Après la catastrophe de la navette Columbia en 2003, puis en 2004 la priorité mise par George W. Bush sur le développement d’un nouveau lanceur pour viser Mars, la NASA décide de restreindre ces vols navettes. Au contraire de l’achèvement de l’ISS, l’acheminement d’AMS-02 dans l’espace n’est plus une priorité: à la trappe, ce projet coûtant au total 2 milliards de dollars (salaires des scientifiques et lancement inclus), financé par 10 pays européens ainsi que par le Department of Energy americain!

«Sam Ting a ensuite remué ciel et terre aux Etats-Unis pour infléchir cette décision», se souvient Martin Pohl, physicien genevois et membre du team AMS. D’origine chinoise, «il a même contacté les Chinois, qui affichaient leurs ambitions spatiales, pour trouver une solution auprès d’eux».

Par chance, le vent tourne avec l’arrivée de Barack Obama à la présidence des Etats-Unis, suivie d’un changement à la tête de la NASA. Qui finit par glisser AMS-02 dans la soute de ce qui, à l’époque, devait être le dernier vol-navette, celui d’Endeavour ce vendredi. «C’est exactement pour ce genre d’expériences scientifiques qu’a été construite l’ISS, qui aura coûté 100 milliards de dollars, commente Samuel Ting. Cela aurait été une aberration totale de ne pas lancer AMS-02», tant l’enjeu est énorme.

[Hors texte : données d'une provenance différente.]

(* Let $k\ge 2$ and let $m_1<m_2<\dots<m_k$ be positive integers. Then the complete $k$-partite graph $K_{m_1,m_2,\dots,m_k}$ satisfies $IDI(K_{m_1,m_2,\dots,m_k})=m_k$.
   Context: $K_{m_1,\dots,m_k}$ is the complete $k$-partite graph whose parts have sizes $m_1,\dots,m_k$. For a finite simple connected graph $G=(V,E)$ with diameter $d$, a rank assignment is a function $f:V\to\mathbb{R}$; under $f$, the string of a vertex $v$ is the $d$-vector whose $i$-th coordinate is the sum of $f(w)$ over all vertices $w$ with $d(v,w)=i$. The ID-index $IDI(G)$ is the minimum $k$ such that there exists $f:V\to\mathbb{R}$ with $|f(V)|=k$ under which all vertices have distinct strings. *)

theory Defs
  imports Complex_Main
begin

text \<open>A finite simple graph is given by a vertex set V and a symmetric,
irreflexive adjacency relation E (only its restriction to V matters).\<close>

definition is_walk :: "'a set \<Rightarrow> ('a \<Rightarrow> 'a \<Rightarrow> bool) \<Rightarrow> 'a list \<Rightarrow> bool" where
  "is_walk V E p \<longleftrightarrow> p \<noteq> [] \<and> set p \<subseteq> V \<and>
     (\<forall>i. Suc i < length p \<longrightarrow> E (p ! i) (p ! Suc i))"

definition gdist :: "'a set \<Rightarrow> ('a \<Rightarrow> 'a \<Rightarrow> bool) \<Rightarrow> 'a \<Rightarrow> 'a \<Rightarrow> nat" where
  "gdist V E u v = (LEAST n. \<exists>p. is_walk V E p \<and> hd p = u \<and> last p = v \<and> length p = Suc n)"

definition gdiam :: "'a set \<Rightarrow> ('a \<Rightarrow> 'a \<Rightarrow> bool) \<Rightarrow> nat" where
  "gdiam V E = Max {gdist V E u v | u v. u \<in> V \<and> v \<in> V}"

text \<open>The string of v under the rank assignment f: the d-vector whose i-th
coordinate (i = 1..d) is the sum of f(w) over vertices w at distance i from v.\<close>
definition vstring :: "'a set \<Rightarrow> ('a \<Rightarrow> 'a \<Rightarrow> bool) \<Rightarrow> ('a \<Rightarrow> real) \<Rightarrow> 'a \<Rightarrow> real list" where
  "vstring V E f v = map (\<lambda>i. \<Sum>w\<in>{w\<in>V. gdist V E v w = i}. f w) [1..<Suc (gdiam V E)]"

definition IDI :: "'a set \<Rightarrow> ('a \<Rightarrow> 'a \<Rightarrow> bool) \<Rightarrow> nat" where
  "IDI V E = (LEAST k. \<exists>f :: 'a \<Rightarrow> real. card (f ` V) = k \<and> inj_on (vstring V E f) V)"

text \<open>Complete k-partite graph K_{m_1,...,m_k}: vertex (i,j) is the j-th vertex
(j < m i) of part i (1 \<le> i \<le> k); two vertices are adjacent iff in different parts.\<close>
definition multipartite_V :: "nat \<Rightarrow> (nat \<Rightarrow> nat) \<Rightarrow> (nat \<times> nat) set" where
  "multipartite_V k m = {(i, j). 1 \<le> i \<and> i \<le> k \<and> j < m i}"

definition multipartite_E :: "(nat \<times> nat) \<Rightarrow> (nat \<times> nat) \<Rightarrow> bool" where
  "multipartite_E x y \<longleftrightarrow> fst x \<noteq> fst y"

end

theory Submission
  imports Defs
begin

text \<open>In a complete multipartite graph with at least two nonempty parts, two distinct vertices
are at distance 1 if they lie in different parts and at distance 2 otherwise. Hence, once some
part has two vertices, the string of a vertex v of part i under f is (S - P i, P i - f v), where
S is the total rank and P i the rank of part i. Two vertices of the same part with equal rank
therefore have equal strings, so a separating f is injective on every part and takes at least
m k values. Conversely, ranking the j-th vertex of every part by j uses exactly m k values;
the part sums m i (m i - 1) / 2 are pairwise distinct because the part sizes are, so the first
coordinate of a string determines the part and the second one the vertex.\<close>

lemma gdist_less_length:
  assumes "is_walk V E p"
  shows "gdist V E (hd p) (last p) < length p"
proof -
  have "gdist V E (hd p) (last p) \<le> length p - 1"
    unfolding gdist_def by (rule Least_le) (use assms in \<open>auto simp: is_walk_def\<close>)
  then show ?thesis using assms by (cases p) (auto simp: is_walk_def)
qed

lemma shortest_walk:
  assumes "is_walk V E p"
  obtains q where "is_walk V E q" "hd q = hd p" "last q = last p"
    "length q = Suc (gdist V E (hd p) (last p))"
proof -
  have "\<exists>n q. is_walk V E q \<and> hd q = hd p \<and> last q = last p \<and> length q = Suc n"
    using assms by (auto simp: is_walk_def intro!: exI[of _ "length p - 1"])
  from LeastI_ex[OF this] show ?thesis
    using that unfolding gdist_def by blast
qed

lemma gdist_eq_0_imp_eq:
  assumes "is_walk V E p" "gdist V E (hd p) (last p) = 0"
  shows "hd p = last p"
proof -
  obtain q where q: "is_walk V E q" "hd q = hd p" "last q = last p"
    "length q = Suc (gdist V E (hd p) (last p))"
    by (rule shortest_walk[OF assms(1)])
  then obtain x where "q = [x]" using assms(2) by (cases q) auto
  then show ?thesis using q by simp
qed

lemma gdist_eq_1_imp_adjacent:
  assumes "is_walk V E p" "gdist V E (hd p) (last p) = 1"
  shows "E (hd p) (last p)"
proof -
  obtain q where q: "is_walk V E q" "hd q = hd p" "last q = last p"
    "length q = Suc (gdist V E (hd p) (last p))"
    by (rule shortest_walk[OF assms(1)])
  then obtain x y where "q = [x, y]" using assms(2)
    by (metis One_nat_def Suc_length_conv length_0_conv)
  then show ?thesis using q by (auto simp: is_walk_def)
qed

lemma gdist_self: "u \<in> V \<Longrightarrow> gdist V E u u = 0"
  using gdist_less_length[of V E "[u]"] by (simp add: is_walk_def)

lemma gdist_eq_1:
  assumes "u \<in> V" "v \<in> V" "u \<noteq> v" "E u v"
  shows "gdist V E u v = 1"
proof -
  have walk: "is_walk V E [u, v]"
    using assms by (simp add: is_walk_def less_Suc_eq)
  have "gdist V E u v < 2" using gdist_less_length[OF walk] by simp
  moreover have "gdist V E u v \<noteq> 0" using gdist_eq_0_imp_eq[OF walk] assms(3) by auto
  ultimately show ?thesis by linarith
qed

lemma gdist_eq_2:
  assumes "u \<in> V" "v \<in> V" "w \<in> V" "u \<noteq> v" "\<not> E u v" "E u w" "E w v"
  shows "gdist V E u v = 2"
proof -
  have walk: "is_walk V E [u, w, v]"
    using assms by (auto simp: is_walk_def less_Suc_eq nth_Cons split: nat.split)
  have "gdist V E u v < 3" using gdist_less_length[OF walk] by simp
  moreover have "gdist V E u v \<noteq> 0" using gdist_eq_0_imp_eq[OF walk] assms(4) by auto
  moreover have "gdist V E u v \<noteq> 1" using gdist_eq_1_imp_adjacent[OF walk] assms(5) by auto
  ultimately show ?thesis by linarith
qed

lemma strict_mono_on_atLeastAtMost_Suc:
  fixes f :: "nat \<Rightarrow> 'b::order"
  assumes "\<And>i. a \<le> i \<Longrightarrow> i < b \<Longrightarrow> f i < f (Suc i)"
  shows "strict_mono_on {a..b} f"
proof (rule strict_mono_onI)
  fix i j assume "i \<in> {a..b}" "j \<in> {a..b}" "i < j"
  then have "Suc i \<le> j" "a \<le> i" "j \<le> b" by auto
  then show "f i < f j"
  proof (induction j rule: dec_induct)
    case base then show ?case using assms by simp
  next
    case (step n) then show ?case using assms[of n] by simp
  qed
qed

lemma sum_lessThan_real_strict_mono:
  assumes "0 < n" "n < n'"
  shows "(\<Sum>j<n. real j) < (\<Sum>j<n'. real j)"
proof -
  have "(\<Sum>j<n. real j) < (\<Sum>j<Suc n. real j)" using assms(1) by simp
  also have "\<dots> \<le> (\<Sum>j<n'. real j)" using assms(2) by (intro sum_mono2) auto
  finally show ?thesis .
qed

lemma sum_lessThan_real_inj:
  assumes "0 < n" "0 < n'" "(\<Sum>j<n. real j) = (\<Sum>j<n'. real j)"
  shows "n = n'"
  using sum_lessThan_real_strict_mono[of n n'] sum_lessThan_real_strict_mono[of n' n] assms
  by (metis less_irrefl nat_neq_iff)

locale complete_multipartite =
  fixes k :: nat and m :: "nat \<Rightarrow> nat"
  assumes two_parts: "2 \<le> k"
    and part_nonempty: "\<And>i. 1 \<le> i \<Longrightarrow> i \<le> k \<Longrightarrow> 0 < m i"
begin

abbreviation V :: "(nat \<times> nat) set" where "V \<equiv> multipartite_V k m"

lemma finite_V: "finite V"
proof -
  have "V = Sigma {1..k} (\<lambda>i. {..<m i})" by (auto simp: multipartite_V_def)
  then show ?thesis by simp
qed

lemma part_eq_image: "i \<in> {1..k} \<Longrightarrow> {w \<in> V. fst w = i} = (\<lambda>j. (i, j)) ` {..<m i}"
  by (auto simp: multipartite_V_def)

lemma sum_part: "i \<in> {1..k} \<Longrightarrow> (\<Sum>w \<in> {w \<in> V. fst w = i}. f w) = (\<Sum>j<m i. f (i, j))"
  by (simp add: part_eq_image sum.reindex inj_on_def)

lemma gdist_multipartite:
  assumes "u \<in> V" "v \<in> V"
  shows "gdist V multipartite_E u v = (if u = v then 0 else if fst u = fst v then 2 else 1)"
proof -
  define i where "i = (if fst u = 1 then 2 else 1 :: nat)"
  have w: "(i, 0) \<in> V" "i \<noteq> fst u"
    using two_parts part_nonempty by (auto simp: i_def multipartite_V_def)
  consider "u = v" | "u \<noteq> v" "fst u = fst v" | "fst u \<noteq> fst v" by blast
  then show ?thesis
  proof cases
    case 1 then show ?thesis using assms gdist_self by simp
  next
    case 2 then show ?thesis
      using assms w gdist_eq_2[of u _ v "(i, 0)"] by (simp add: multipartite_E_def)
  next
    case 3 then show ?thesis
      using assms gdist_eq_1[of u _ v multipartite_E] by (auto simp: multipartite_E_def)
  qed
qed

lemma gdiam_multipartite:
  assumes "i \<in> {1..k}" "2 \<le> m i"
  shows "gdiam V multipartite_E = 2"
proof -
  let ?D = "{gdist V multipartite_E u v | u v. u \<in> V \<and> v \<in> V}"
  have le: "d \<le> 2" if "d \<in> ?D" for d
  proof -
    from that obtain u v where "u \<in> V" "v \<in> V" "d = gdist V multipartite_E u v" by blast
    then show ?thesis using gdist_multipartite by simp
  qed
  then have "?D \<subseteq> {..2}" by blast
  then have fin: "finite ?D" by (rule finite_subset) simp
  have "(i, 0) \<in> V" "(i, 1) \<in> V"
    using assms by (auto simp: multipartite_V_def)
  then have two: "2 \<in> ?D" using gdist_multipartite[of "(i, 0)" "(i, 1)"] by force
  show ?thesis
    unfolding gdiam_def by (rule Max_eqI[OF fin le two])
qed

lemma vstring_multipartite:
  assumes "i \<in> {1..k}" "2 \<le> m i" "v \<in> V"
  shows "vstring V multipartite_E f v =
    [(\<Sum>w\<in>V. f w) - (\<Sum>j<m (fst v). f (fst v, j)), (\<Sum>j<m (fst v). f (fst v, j)) - f v]"
proof -
  let ?P = "{w \<in> V. fst w = fst v}"
  have "fst v \<in> {1..k}" using assms(3) by (auto simp: multipartite_V_def)
  moreover have "{w \<in> V. gdist V multipartite_E v w = 1} = V - ?P"
    and "{w \<in> V. gdist V multipartite_E v w = 2} = ?P - {v}"
    using gdist_multipartite[OF assms(3)] by (auto split: if_splits)
  ultimately show ?thesis
    using assms finite_V
    by (simp add: vstring_def gdiam_multipartite numeral_2_eq_2 sum_diff sum_diff1
        flip: sum_part)
qed

lemma card_image_ge_part_size:
  assumes separating: "inj_on (vstring V multipartite_E f) V" and i: "i \<in> {1..k}"
  shows "m i \<le> card (f ` V)"
proof (cases "m i \<le> 1")
  case True
  have "(i, 0) \<in> V" using i part_nonempty by (auto simp: multipartite_V_def)
  then have "0 < card (f ` V)" using finite_V by (auto simp: card_gt_0_iff)
  then show ?thesis using True by linarith
next
  case False
  let ?P = "(\<lambda>j. (i, j)) ` {..<m i}"
  have P_sub: "?P \<subseteq> V" using i by (auto simp: multipartite_V_def)
  have "inj_on f ?P"
  proof (rule inj_onI)
    fix v w assume P: "v \<in> ?P" "w \<in> ?P" and same_rank: "f v = f w"
    then have V: "v \<in> V" "w \<in> V" and "fst v = fst w" using P_sub by auto
    moreover have "2 \<le> m i" using False by simp
    ultimately have "vstring V multipartite_E f v = vstring V multipartite_E f w"
      using same_rank by (simp add: vstring_multipartite[OF i])
    then show "v = w" using inj_onD[OF separating] V by blast
  qed
  then have "card (f ` ?P) = card ?P" by (rule card_image)
  also have "\<dots> = m i" by (subst card_image) (auto simp: inj_on_def)
  finally have "card (f ` ?P) = m i" .
  moreover have "card (f ` ?P) \<le> card (f ` V)"
    using P_sub finite_V by (intro card_mono) auto
  ultimately show ?thesis by simp
qed

lemma card_image_snd_rank:
  assumes "i0 \<in> {1..k}" "\<And>i. i \<in> {1..k} \<Longrightarrow> m i \<le> m i0"
  shows "card ((\<lambda>v. real (snd v)) ` V) = m i0"
proof -
  have "(\<lambda>v. real (snd v)) ` V = real ` {..<m i0}"
    using assms by (force simp: multipartite_V_def image_iff)
  then show ?thesis by (simp add: card_image)
qed

lemma snd_rank_separating:
  assumes distinct_sizes: "inj_on m {1..k}"
  shows "inj_on (vstring V multipartite_E (\<lambda>v. real (snd v))) V"
proof -
  obtain i where i: "i \<in> {1..k}" "2 \<le> m i"
  proof -
    have "m 1 \<noteq> m 2" using distinct_sizes two_parts by (auto dest: inj_onD)
    then show ?thesis
      using that[of 1] that[of 2] part_nonempty[of 1] part_nonempty[of 2] two_parts by force
  qed
  show ?thesis
  proof (rule inj_onI)
    fix v w assume v: "v \<in> V" and w: "w \<in> V"
      and eq: "vstring V multipartite_E (\<lambda>v. real (snd v)) v =
               vstring V multipartite_E (\<lambda>v. real (snd v)) w"
    have parts: "fst v \<in> {1..k}" "fst w \<in> {1..k}"
      using v w by (auto simp: multipartite_V_def)
    have "(\<Sum>j<m (fst v). real j) = (\<Sum>j<m (fst w). real j)"
      and ranks: "real (snd v) = real (snd w)"
      using eq by (simp_all add: vstring_multipartite[OF i] v w)
    then have "m (fst v) = m (fst w)"
      using parts part_nonempty by (intro sum_lessThan_real_inj) auto
    then have "fst v = fst w" using parts distinct_sizes by (auto dest: inj_onD)
    then show "v = w" using ranks by (simp add: prod_eq_iff)
  qed
qed

end

theorem mainTheorem12:
  fixes k :: nat and m :: "nat \<Rightarrow> nat"
  assumes "k \<ge> 2"
    and "\<And>i. 1 \<le> i \<Longrightarrow> i \<le> k \<Longrightarrow> m i > 0"
    and "\<And>i. 1 \<le> i \<Longrightarrow> i < k \<Longrightarrow> m i < m (Suc i)"
  shows "IDI (multipartite_V k m) multipartite_E = m k"
proof -
  interpret complete_multipartite k m
    using assms(1,2) by unfold_locales auto
  have mono: "strict_mono_on {1..k} m"
    using assms(3) by (rule strict_mono_on_atLeastAtMost_Suc)
  have k: "k \<in> {1..k}" using assms(1) by simp
  have "card ((\<lambda>v. real (snd v)) ` V) = m k"
    using k mono by (intro card_image_snd_rank) (auto intro: strict_mono_on_leD)
  moreover have "inj_on (vstring V multipartite_E (\<lambda>v. real (snd v))) V"
    using mono by (intro snd_rank_separating strict_mono_on_imp_inj_on)
  ultimately show ?thesis
    unfolding IDI_def using card_image_ge_part_size[OF _ k]
    by (intro Least_equality) blast+
qed

end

«Si l’on détecte ne serait-ce qu’un seul anti-noyau d’hélium ou de carbone, cela voudra dire qu’il y a quelque part dans l’Univers une «cuisine à antimatière», une anti-étoile capable de synthétiser des antiatomes, dit Martin Pohl. Tout le monde pense que l’on n’en trouvera pas. Mais si c’est le cas, il faudra revoir profondément toutes nos théories concernant l’origine et le fonctionnement de l’Univers.»

Par ailleurs, autant profiter d’un tel instrument, placé dans un environnement si unique, pour tenter d’élucider d’autres des grands mystères de l’astrophysique. Comme celui de la matière «sombre», qui emplirait un petit quart de l’Univers, mais dont les physiciens peinent à définir la nature. L’une des explications serait l’existence de particules inédites, appelées neutralinos. Si elles existent, AMS-02 pourrait les entrevoir.

Les physiciens ouvriront aussi bien grands les yeux électroniques d’AMS-02 à la recherche de «strangelets», une forme inconnue de la matière. Habituellement, en son creuset le plus intime, celle-ci est faite d’atomes, dont le noyau est composé de neutrons et de protons. Ces derniers sont à leur tour formés des particules élémentaires baptisées «quarks». La matière ordinaire est ainsi formée de deux types de quarks, dits «up» et «down». Or il existe d’autres membres dans cette famille de corpuscules, dont ceux que les physiciens ont nommés «strange» (étrange). Les «strangelets» sont donc d’hypothétiques infimes agrégats de matière «étrange», contenant des quarks «strange» en plus des habituels «up» et «down». Mais leur existence n’a jamais été prouvée jusqu’ici.

«Sans être une mission de l’Agence spatiale européenne, AMS-02 est un instrument important pour l’Europe», commentait l’an dernier Simonetta di Pippo, directrice des vols habités à l’ESA. A bord d’Endeavour figure tout de même l’astronaute italien Roberto Vittori, qui devrait aider à arrimer le détecteur à la structure de l’ISS. Et Bill Gerstenmaier, administrateur associé de la NASA, d’ajouter: «Cette expérience donne vraiment une raison d’être à la Station spatiale, et devrait apporter une moisson d’informations importantes pour la compréhension de l’Univers.» Dont, peut-être, quelques surprises… «Car, conclut Sam Ting, lorsqu’on construit une machine scientifique, les résultats ne correspondent très souvent pas au projet initial, basé lui-même sur les connaissances du moment. Or les découvertes, précisément, bouleversent ce qu’on sait.»